**WHAT IS NEEDED**. Return, from the data below, each line that contains the word "CARD".

**EXTRACTED MATERIAL**.
(* There exists a constant $\kappa_{19}>0$, depending only on $N,\gamma,\beta$, such that for any $x_0\in\mathbb R^N$ and any $s>0$, $$\kappa_{19}^{-1}s^{1/2}\big[s^{1/\sigma}\vee|x_0|\big]^{\frac{\gamma-\beta}2}\le\big(\rho^{\gamma,\beta}_{x_0}\big)^{-1}(s)\le\kappa_{19}s^{1/2}\big[s^{1/\sigma}\vee|x_0|\big]^{\frac{\gamma-\beta}2}.$$ Consequently, for any open $\Omega\subseteq\mathbb R^N$, any $T>0$, any $x_0\in\Omega$ and any $s\in(0,T]$: $(\rho^{\gamma,\beta}_{x_0})^{-1}(s)\le\kappa_{19}s^{1/\sigma}$ if $\sigma\ge2$, and $(\rho^{\gamma,\beta}_{x_0})^{-1}(s)\le\kappa_{19}s^{1/2}\big(T^{1/\sigma}\vee\sup_{z\in\Omega}|z|\big)^{\frac{\gamma-\beta}2}$ if $0<\sigma<2$.
   Context: $N\ge3$ and $\gamma,\beta\in\mathbb R$ satisfy $\gamma<N$ and $\gamma-2<\beta\le\frac{N-2}{N}\gamma$; $\sigma=2+\beta-\gamma$. $\rho^{\gamma,\beta}_{x_0}(R)=\big(\int_{B_R(x_0)}|x|^{(\beta-\gamma)N/2}dx\big)^{2/N}$ for $R>0$; it is increasing in $R$ and $(\rho^{\gamma,\beta}_{x_0})^{-1}$ denotes its inverse function. $a\vee b=\max\{a,b\}$. *)

theory Defs
  imports "HOL-Analysis.Analysis"
begin

definition rho_gb :: "real \<Rightarrow> real \<Rightarrow> real ^ 'n \<Rightarrow> real \<Rightarrow> real" where
  "rho_gb \<gamma> \<beta> x0 R =
     (LINT x : ball x0 R | lborel. norm x powr ((\<beta> - \<gamma>) * real CARD('n) / 2))
       powr (2 / real CARD('n))"

text \<open>Its inverse function (rho is increasing on (0,infinity)).\<close>
definition rho_gb_inv :: "real \<Rightarrow> real \<Rightarrow> real ^ 'n \<Rightarrow> real \<Rightarrow> real" where
  "rho_gb_inv \<gamma> \<beta> x0 s = (THE R. 0 < R \<and> rho_gb \<gamma> \<beta> x0 R = s)"

end

theory Submission
  imports Defs
begin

**REPLY TO THE TASK**.
     (LINT x : ball x0 R | lborel. norm x powr ((\<beta> - \<gamma>) * real CARD('n) / 2))
       powr (2 / real CARD('n))"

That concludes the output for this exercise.